Answer is (C) .

Reasoning :-

First let me explain what is counting semaphore & How it works. Counting semaphore gives count, i.e. no of processes that can be in Critical section at same time. Here value of S denotes that count. So suppose S = 3, we need to be able to have 3 processes in Critical section at max. Also when counting semaphore S has negative value we need to have Absolute value of S as no of processes waiting for critical section.

A & B are out of option, because Xb must be 1, otherwise our counting semaphore will get blocked without doing anything.

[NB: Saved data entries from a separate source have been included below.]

lemma twist_stabilizer_subset:
  fixes G :: "(complex^'n^'n) set"
  assumes G: "matrix_subgroup G" and Y: "right_homogeneous_space G Y act"
    and conj: "compatible_conj G \<tau> Y act cY" and "\<tau> ` G \<subseteq> G"
    and "y0 \<in> Y" "z \<in> G" and z: "act y0 z = cY y0"
  shows "twist \<tau> z ` stabilizer G act y0 \<subseteq> stabilizer G act y0"
proof
  note act = right_homogeneous_spaceD[OF Y \<open>y0 \<in> Y\<close>]
  note sub = matrix_subgroupD[OF G]
  fix x assume "x \<in> twist \<tau> z ` stabilizer G act y0"
  then obtain h where "h \<in> G" "act y0 h = y0" and x: "x = z ** \<tau> h ** matrix_inv z"
    unfolding stabilizer_def twist_def by auto
  have "\<tau> h \<in> G" "matrix_inv z \<in> G" using \<open>h \<in> G\<close> \<open>\<tau> ` G \<subseteq> G\<close> \<open>z \<in> G\<close> sub(4) by auto
  then have "x \<in> G" unfolding x using \<open>z \<in> G\<close> sub(3) by blast
  have "act y0 x = act (act (act y0 z) (\<tau> h)) (matrix_inv z)"
    unfolding x using act(2) \<open>z \<in> G\<close> \<open>\<tau> h \<in> G\<close> \<open>matrix_inv z \<in> G\<close> sub(3) by simp
  also have "\<dots> = act (cY (act y0 h)) (matrix_inv z)"
    using conj \<open>y0 \<in> Y\<close> \<open>h \<in> G\<close> z unfolding compatible_conj_def by simp
  also have "\<dots> = act y0 (z ** matrix_inv z)"
    using \<open>act y0 h = y0\<close> z[symmetric] act(2) \<open>z \<in> G\<close> \<open>matrix_inv z \<in> G\<close> by simp
  also have "\<dots> = y0" using act(1) matrix_inv_right[OF sub(2)[OF \<open>z \<in> G\<close>]] by simp
  finally show "x \<in> stabilizer G act y0" unfolding stabilizer_def using \<open>x \<in> G\<close> by simp
qed

theorem proposition3p2:
  fixes G :: "(complex^'n^'n) set" and \<tau> :: "complex^'n^'n \<Rightarrow> complex^'n^'n"
    and Y :: "'y set" and act :: "'y \<Rightarrow> complex^'n^'n \<Rightarrow> 'y" and cY :: "'y \<Rightarrow> 'y"
    and y0 :: 'y and gy0 z :: "complex^'n^'n" and H :: "(complex^'n^'n) set"
  assumes "real_group G \<tau>"
    and "right_homogeneous_space G Y act"
    and "compatible_conj G \<tau> Y act cY"
    and "y0 \<in> Y"
    and H_def: "H = stabilizer G act y0"
    and "gy0 \<in> G" and "cY y0 = act y0 gy0"
    and "z \<in> {h ** gy0 | h. h \<in> H}"
    and "z ** \<tau> z = mat 1"
  shows "anti_regular_involution G (twist \<tau> z)
    \<and> twist \<tau> z ` H = H
    \<and> (\<forall>h\<in>Z1 H (twist \<tau> z). h \<in> Z1 G (twist \<tau> z) \<and> h ** z \<in> Z1 G \<tau>)
    \<and> (\<forall>h\<in>Z1 H (twist \<tau> z). \<forall>h'\<in>cls H (twist \<tau> z) h.
          cls G (twist \<tau> z) h' = cls G (twist \<tau> z) h \<and> cls G \<tau> (h' ** z) = cls G \<tau> (h ** z))
    \<and> ((\<exists>z'. z' \<in> {h ** gy0 | h. h \<in> H} \<inter> B1 G \<tau>) \<longleftrightarrow>
       cls G \<tau> (mat 1) \<in> (\<lambda>h. cls G \<tau> (h ** z)) ` Z1 H (twist \<tau> z))"
proof -
  have G: "matrix_subgroup G" and "anti_regular_involution G \<tau>"
    using assms(1) unfolding real_group_def linear_algebraic_group_def by auto
  then interpret \<tau>: matrix_group_involution G \<tau>
    using anti_regular_involution_iff by blast
  have fibre: "{h ** gy0 | h. h \<in> H} = {x \<in> G. act y0 x = cY y0}"
    unfolding H_def assms(7) by (rule stabilizer_right_coset[OF G assms(2,4,6)])
  then have "z \<in> G" and z: "act y0 z = cY y0" using assms(8) by auto
  have "{h ** z | h. h \<in> H} = {x \<in> G. act y0 x = cY y0}"
    unfolding H_def z[symmetric] by (rule stabilizer_right_coset[OF G assms(2,4) \<open>z \<in> G\<close>])
  then have coset: "{h ** gy0 | h. h \<in> H} = {h ** z | h. h \<in> H}" using fibre by simp
  have "(\<exists>z'. z' \<in> {h ** gy0 | h. h \<in> H} \<inter> B1 G \<tau>) \<longleftrightarrow> (\<exists>h\<in>H. h ** z \<in> B1 G \<tau>)"
    unfolding coset by blast
  moreover have "H \<subseteq> G" unfolding H_def stabilizer_def by auto
  moreover have "twist \<tau> z ` H = H"
  proof (rule matrix_group_involution.involution_image_eq)
    show "matrix_group_involution G (twist \<tau> z)"
      by (rule \<tau>.twist_group_involution[OF \<open>z \<in> G\<close> assms(9)])
    show "twist \<tau> z ` H \<subseteq> H"
      unfolding H_def using twist_stabilizer_subset[OF G assms(2,3) _ assms(4) \<open>z \<in> G\<close> z]
        \<tau>.map_closed by blast
  qed fact
  ultimately show ?thesis
    using anti_regular_involution_twist[OF G \<open>anti_regular_involution G \<tau>\<close> \<open>z \<in> G\<close> assms(9)]
      \<tau>.Z1_twist_subset_mult_right[OF \<open>z \<in> G\<close> assms(9)]
      \<tau>.cls_twist_subset_mult_right[OF \<open>z \<in> G\<close> assms(9)]
      \<tau>.right_coset_meets_B1_iff[OF \<open>z \<in> G\<close> assms(9)] by simp
qed

end
(* The algebraic core: for skew P and symmetric Hessians the second-derivative terms of
   the cyclic sum cancel in pairs, leaving the trilinear form of the Jacobi tensor. *)
lemma jacobi_algebra:
  fixes P :: "real^'n::finite^'n" and dP :: "'n \<Rightarrow> real^'n^'n"
  assumes skew: "\<And>a b. P $ a $ b = - P $ b $ a"
    and sym: "transpose Hu = Hu" "transpose Hv = Hv" "transpose Hw = Hw"
  shows "u \<bullet> (P *v bracket_gradient P dP v Hv w Hw) + v \<bullet> (P *v bracket_gradient P dP w Hw u Hu)
           + w \<bullet> (P *v bracket_gradient P dP u Hu v Hv)
         = trilinear (jacobi_tensor P dP) u v w"
proof -
  define X where "X c a b = (\<Sum>l\<in>UNIV. P $ c $ l * dP l $ a $ b)" for c a b
  have expand: "u \<bullet> (P *v bracket_gradient P dP v Hv w Hw)
      = - ((u v* P) \<bullet> (Hv *v (w v* P))) + trilinear X u v w + (u v* P) \<bullet> (Hw *v (v v* P))"
    for u v w and Hv Hw :: "real^'n^'n"
  proof -
    have "u \<bullet> (P *v bracket_gradient P dP v Hv w Hw) = (u v* P) \<bullet> bracket_gradient P dP v Hv w Hw"
      by (simp add: dot_lmul_matrix)
    also have "\<dots> = (\<Sum>l\<in>UNIV. (u v* P) $ l * (Hv $ l \<bullet> (P *v w)))
        + (\<Sum>l\<in>UNIV. (u v* P) $ l * (v \<bullet> (dP l *v w)))
        + (\<Sum>l\<in>UNIV. (u v* P) $ l * (v \<bullet> (P *v Hw $ l)))"
      by (simp add: inner_vec_def bracket_gradient_def distrib_left sum.distrib)
    also have "(\<Sum>l\<in>UNIV. (u v* P) $ l * (Hv $ l \<bullet> (P *v w))) = - ((u v* P) \<bullet> (Hv *v (w v* P)))"
      by (simp add: skew_matrix_vector[OF skew] rows_form[symmetric] sum_negf)
    also have "(\<Sum>l\<in>UNIV. (u v* P) $ l * (v \<bullet> (P *v Hw $ l))) = (u v* P) \<bullet> (Hw *v (v v* P))"
    proof -
      have "v \<bullet> (P *v z) = z \<bullet> (v v* P)" for z
        by (metis dot_lmul_matrix inner_commute)
      then show ?thesis by (simp only: rows_form)
    qed
    finally show ?thesis
      unfolding contracted_derivative_trilinear X_def .
  qed
  have "u \<bullet> (P *v bracket_gradient P dP v Hv w Hw) + v \<bullet> (P *v bracket_gradient P dP w Hw u Hu)
          + w \<bullet> (P *v bracket_gradient P dP u Hu v Hv)
        = trilinear X u v w + trilinear X v w u + trilinear X w u v"
    unfolding expand
    using symmetric_form[OF sym(1), of "v v* P" "w v* P"] symmetric_form[OF sym(2), of "u v* P" "w v* P"]
      symmetric_form[OF sym(3), of "u v* P" "v v* P"]
    by simp
  also have "\<dots> = trilinear X u v w + trilinear (\<lambda>c a b. X a b c) u v w + trilinear (\<lambda>c a b. X b c a) u v w"
  proof -
    have "trilinear X v w u = trilinear (\<lambda>c a b. X a b c) u v w"
      by (rule trilinear_rotate)
    moreover have "trilinear X w u v = trilinear (\<lambda>c a b. X a b c) v w u"
      by (rule trilinear_rotate)
    moreover have "\<dots> = trilinear (\<lambda>c a b. X b c a) u v w"
      by (rule trilinear_rotate)
    ultimately show ?thesis by simp
  qed
  also have "\<dots> = trilinear (jacobi_tensor P dP) u v w"
    unfolding trilinear_add jacobi_tensor_def X_def by (simp add: sum.distrib)
  finally show ?thesis .
qed

lemma smooth_on_line_differentiable:
  "smooth_on U f \<Longrightarrow> y \<in> U \<Longrightarrow> (\<lambda>t. f (y + t *\<^sub>R axis i 1)) differentiable (at 0)"
  unfolding smooth_on_def by (metis iter_partial.simps(1))

lemma smooth_on_partial_line_differentiable:
  "smooth_on U f \<Longrightarrow> y \<in> U \<Longrightarrow> (\<lambda>t. partial a f (y + t *\<^sub>R axis i 1)) differentiable (at 0)"
  unfolding smooth_on_def by (metis iter_partial.simps)

lemma smooth_on_second_partial_continuous:
  "smooth_on U f \<Longrightarrow> continuous_on U (partial j (partial i f))"
  unfolding smooth_on_def by (metis iter_partial.simps)

definition hessian :: "(real^'n::finite \<Rightarrow> real) \<Rightarrow> real^'n \<Rightarrow> real^'n^'n" where
  "hessian f x = (\<chi> l a. partial l (partial a f) x)"

lemma hessian_symmetric:
  assumes "open U" "x \<in> U" "smooth_on U f"
  shows "transpose (hessian f x) = hessian f x"
proof -
  have "partial j (partial i f) x = partial i (partial j f) x" for i j
    using assms
    by (intro partial_commute) (auto intro: smooth_on_line_differentiable
        smooth_on_partial_line_differentiable smooth_on_second_partial_continuous)
  then show ?thesis
    by (simp add: vec_eq_iff transpose_def hessian_def)
qed

definition bracket :: "(real^'n::finite \<Rightarrow> real^'n^'n) \<Rightarrow> (real^'n \<Rightarrow> real) \<Rightarrow> (real^'n \<Rightarrow> real) \<Rightarrow> real^'n \<Rightarrow> real" where
  "bracket P f g x = grad f x \<bullet> (P x *v grad g x)"

lemma grad_component: "grad f x $ i = partial i f x"
  by (simp add: grad_def)

lemma bracket_sum:
  "bracket P f g y = (\<Sum>a\<in>UNIV. \<Sum>b\<in>UNIV. partial a f y * P y $ a $ b * partial b g y)"
  unfolding bracket_def inner_vec_def matrix_vector_mult_def grad_def
  by (simp add: sum_distrib_left mult_ac)

lemma partial_bracket:
  fixes P :: "real^'n::finite \<Rightarrow> real^'n^'n"
  assumes dg: "\<And>a. (\<lambda>t. partial a g (x + t *\<^sub>R axis l 1)) differentiable (at 0)"
    and dh: "\<And>a. (\<lambda>t. partial a h (x + t *\<^sub>R axis l 1)) differentiable (at 0)"
    and dP: "\<And>a b. ((\<lambda>t. P (x + t *\<^sub>R axis l 1) $ a $ b) has_real_derivative dP $ a $ b) (at 0)"
  shows "partial l (bracket P g h) x = hessian g x $ l \<bullet> (P x *v grad h x)
           + grad g x \<bullet> (dP *v grad h x) + grad g x \<bullet> (P x *v hessian h x $ l)"
proof -
  let ?y = "\<lambda>t. x + t *\<^sub>R axis l 1"
  have "((\<lambda>t. partial a g (?y t) * P (?y t) $ a $ b * partial b h (?y t)) has_real_derivative
          partial l (partial a g) x * P x $ a $ b * partial b h x
          + partial a g x * dP $ a $ b * partial b h x
          + partial a g x * P x $ a $ b * partial l (partial b h) x) (at 0)" for a b
    by (rule DERIV_cong, rule DERIV_mult[OF DERIV_mult[OF has_partial[OF dg] dP] has_partial[OF dh]])
       (simp add: algebra_simps)
  then have "partial l (bracket P g h) x
      = (\<Sum>a\<in>UNIV. \<Sum>b\<in>UNIV. partial l (partial a g) x * P x $ a $ b * partial b h x
          + partial a g x * dP $ a $ b * partial b h x
          + partial a g x * P x $ a $ b * partial l (partial b h) x)"
    unfolding bracket_sum by (intro partial_eqI DERIV_sum)
  then show ?thesis
    by (simp add: hessian_def grad_def inner_vec_def matrix_vector_mult_def
        sum.distrib sum_distrib_left mult_ac)
qed

lemma jacobiator_formula:
  fixes P :: "real^'n::finite \<Rightarrow> real^'n^'n"
  assumes U: "open U" "x \<in> U"
    and smooth: "smooth_on U f" "smooth_on U g" "smooth_on U h"
    and skew: "\<And>a b. P x $ a $ b = - P x $ b $ a"
    and dP: "\<And>l a b. ((\<lambda>t. P (x + t *\<^sub>R axis l 1) $ a $ b) has_real_derivative dP l $ a $ b) (at 0)"
  shows "bracket P f (bracket P g h) x + bracket P g (bracket P h f) x + bracket P h (bracket P f g) x
       = trilinear (jacobi_tensor (P x) dP) (grad f x) (grad g x) (grad h x)"
proof -
  have grad_bracket: "grad (bracket P u v) x
      = bracket_gradient (P x) dP (grad u x) (hessian u x) (grad v x) (hessian v x)"
    if "smooth_on U u" "smooth_on U v" for u v
    using partial_bracket[OF smooth_on_partial_line_differentiable[OF that(1) U(2)]
        smooth_on_partial_line_differentiable[OF that(2) U(2)] dP]
    by (simp add: vec_eq_iff bracket_gradient_def grad_component)
  show ?thesis
    unfolding bracket_def[of P _ "bracket P _ _"] grad_bracket[OF smooth(2,3)]
      grad_bracket[OF smooth(3,1)] grad_bracket[OF smooth(1,2)]
    by (rule jacobi_algebra[OF skew hessian_symmetric[OF U smooth(1)]
          hessian_symmetric[OF U smooth(2)] hessian_symmetric[OF U smooth(3)]])
qed

(* Finite index bookkeeping for R^6 (the library covers dimensions up to 4). *)
lemma exhaust_6:
  fixes x :: 6
  shows "x = 1 \<or> x = 2 \<or> x = 3 \<or> x = 4 \<or> x = 5 \<or> x = 6"
proof (induct x)
  case (of_int z)
  then have "z = 0 \<or> z = 1 \<or> z = 2 \<or> z = 3 \<or> z = 4 \<or> z = 5" by fastforce
  then show ?case by auto
qed

lemma UNIV_6: "UNIV = {1, 2, 3, 4, 5, 6 :: 6}"
  using exhaust_6 by auto

lemma sum_6: "sum f (UNIV :: 6 set) = f 1 + f 2 + f 3 + f 4 + f 5 + f 6"
  unfolding UNIV_6 by (simp add: ac_simps)

lemma vector_6 [simp]:
  "(vector [a, b, c, d, e, f] :: ('a::zero)^6) $ 1 = a"
  "(vector [a, b, c, d, e, f] :: ('a::zero)^6) $ 2 = b"
  "(vector [a, b, c, d, e, f] :: ('a::zero)^6) $ 3 = c"
  "(vector [a, b, c, d, e, f] :: ('a::zero)^6) $ 4 = d"
  "(vector [a, b, c, d, e, f] :: ('a::zero)^6) $ 5 = e"
  "(vector [a, b, c, d, e, f] :: ('a::zero)^6) $ 6 = f"
  unfolding vector_def by simp_all

definition se3_matrix :: "real^6 \<Rightarrow> real^6^6" where
  "se3_matrix w = vector [
      vector [0, -w$3, w$2, 0, -w$6, w$5],
      vector [w$3, 0, -w$1, w$6, 0, -w$4],
      vector [-w$2, w$1, 0, -w$5, w$4, 0],
      vector [0, -w$6, w$5, 0, 0, 0],
      vector [w$6, 0, -w$4, 0, 0, 0],
      vector [-w$5, w$4, 0, 0, 0, 0]]"

lemma se3_matrix_skew: "se3_matrix w $ a $ b = - se3_matrix w $ b $ a"
  using exhaust_6[of a] exhaust_6[of b]
  by (elim disjE) (simp_all add: se3_matrix_def)

lemma has_derivative_se3_matrix:
  assumes "\<And>k. ((\<lambda>t. w t $ k) has_real_derivative w' $ k) (at 0)"
  shows "((\<lambda>t. se3_matrix (w t) $ a $ b) has_real_derivative se3_matrix w' $ a $ b) (at 0)"
proof -
  have "((\<lambda>t. - (w t $ k)) has_real_derivative - (w' $ k)) (at 0)" for k
    using DERIV_minus[OF assms] .
  with assms show ?thesis
    using exhaust_6[of a] exhaust_6[of b]
    by (elim disjE) (simp_all add: se3_matrix_def)
qed

definition lie_poisson_point :: "(real^3 \<Rightarrow> real^3) \<Rightarrow> real^6 \<Rightarrow> real^6" where
  "lie_poisson_point mu x =
     vector [x$1 + mu (gv x) $ 1, x$2 + mu (gv x) $ 2, x$3 + mu (gv x) $ 3, x$4, x$5, x$6]"

lemma Pi_mu_se3: "Pi_mu mu x = se3_matrix (lie_poisson_point mu x)"
  unfolding Pi_mu_def se3_matrix_def lie_poisson_point_def Let_def by simp

definition jac :: "(real^3 \<Rightarrow> real^3) \<Rightarrow> real^3 \<Rightarrow> 3 \<Rightarrow> 3 \<Rightarrow> real" where
  "jac mu y j k = partial j (\<lambda>z. mu z $ k) y"

(* The derivative of mu_k(gamma(x)) along the axis e_l of R^6, given q j k = d_j mu_k:
   zero along the M-axes, q (l-3) k along the gamma-axes. *)
definition gamma_rate :: "(3 \<Rightarrow> 3 \<Rightarrow> real) \<Rightarrow> 6 \<Rightarrow> 3 \<Rightarrow> real" where
  "gamma_rate q l k = (if l = 4 then q 1 k else if l = 5 then q 2 k else if l = 6 then q 3 k else 0)"

definition Pi_deriv :: "(3 \<Rightarrow> 3 \<Rightarrow> real) \<Rightarrow> 6 \<Rightarrow> real^6^6" where
  "Pi_deriv q l = se3_matrix (axis l 1 + vector [gamma_rate q l 1, gamma_rate q l 2, gamma_rate q l 3, 0, 0, 0])"

lemma gv_line: "gv (x + t *\<^sub>R v) = gv x + t *\<^sub>R gv v"
  unfolding gv_def by (simp add: vec_eq_iff forall_3)

lemma gv_axis:
  "gv (axis 1 1) = 0" "gv (axis 2 1) = 0" "gv (axis 3 1) = 0"
  "gv (axis 4 1) = axis 1 1" "gv (axis 5 1) = axis 2 1" "gv (axis 6 1) = axis 3 1"
  unfolding gv_def by (simp_all add: vec_eq_iff forall_3 axis_def)

lemma has_derivative_mu_along_axis:
  assumes smooth: "\<And>k. smooth_on D (\<lambda>y. mu y $ k)" and x: "gv x \<in> D"
  shows "((\<lambda>t. mu (gv (x + t *\<^sub>R axis l 1)) $ k) has_real_derivative gamma_rate (jac mu (gv x)) l k) (at 0)"
proof -
  have "((\<lambda>t. mu (gv x + t *\<^sub>R axis j 1) $ k) has_real_derivative jac mu (gv x) j k) (at 0)" for j
    unfolding jac_def by (rule has_partial[OF smooth_on_line_differentiable[OF smooth x]])
  then show ?thesis
    unfolding gv_line using exhaust_6[of l]
    by (elim disjE) (simp_all add: gv_axis gamma_rate_def)
qed

lemma has_derivative_Pi_mu:
  assumes smooth: "\<And>k. smooth_on D (\<lambda>y. mu y $ k)" and x: "gv x \<in> D"
  shows "((\<lambda>t. Pi_mu mu (x + t *\<^sub>R axis l 1) $ a $ b) has_real_derivative Pi_deriv (jac mu (gv x)) l $ a $ b) (at 0)"
  unfolding Pi_mu_se3 Pi_deriv_def
proof (rule has_derivative_se3_matrix)
  fix k :: 6
  have coord: "((\<lambda>t. x $ j + t * axis l 1 $ j) has_real_derivative axis l 1 $ j) (at 0)" for j
    by (auto intro!: derivative_eq_intros)
  note mu = has_derivative_mu_along_axis[OF smooth x]
  show "((\<lambda>t. lie_poisson_point mu (x + t *\<^sub>R axis l 1) $ k) has_real_derivative
      (axis l 1 + vector [gamma_rate (jac mu (gv x)) l 1, gamma_rate (jac mu (gv x)) l 2,
         gamma_rate (jac mu (gv x)) l 3, 0, 0, 0]) $ k) (at 0)"
    using exhaust_6[of k]
    by (elim disjE) (simp_all add: lie_poisson_point_def coord DERIV_add[OF coord mu])
qed

lemma gamma_dot_curl:
  "y \<bullet> curl3 mu y = y$1 * (jac mu y 2 3 - jac mu y 3 2) + y$2 * (jac mu y 3 1 - jac mu y 1 3)
     + y$3 * (jac mu y 1 2 - jac mu y 2 1)"
  unfolding inner_vec_def sum_3 curl3_def jac_def by simp

lemma jacobi_tensor_Pi_mu_123:
  "jacobi_tensor (Pi_mu mu x) (Pi_deriv (jac mu (gv x))) 1 2 3 = - (gv x \<bullet> curl3 mu (gv x))"
  unfolding gamma_dot_curl Pi_mu_se3
  by (simp add: jacobi_tensor_def sum_6 Pi_deriv_def se3_matrix_def lie_poisson_point_def
      axis_def gamma_rate_def gv_def algebra_simps)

Now consider options C & D.

Option D :-

Yb = 1, Xb = 1

Assume that initial value of S = 2. (At max 2 processes must be in Critical Section.)

We have 4 processes, P1, P2, P3 & P4.

P1 enters critical section , It calls P(s) , S = S - 1 = 1. As S > 1, we do not call Pb(Yb).

P2 enters critical section , It calls P(s) , S = S - 1 = 0. As S >0 we do not call Pb(Yb).

Now P3 comes, it should be blocked but when it calls P(s) , S = S - 1 = 0-1 = -1 As S < 0 ,Now we do call Pb(Yb). Still P3 enters into critical section & We do not get blocked as Yb's Initial value was 1.

This violates property of counting semaphore. S is now -1, & No process is waiting. Also we are allowing 1 more process than what counting semaphore permits.

If Yb would have been 0, P3 would have been blocked here & So Answer is (C).

Pb(yb);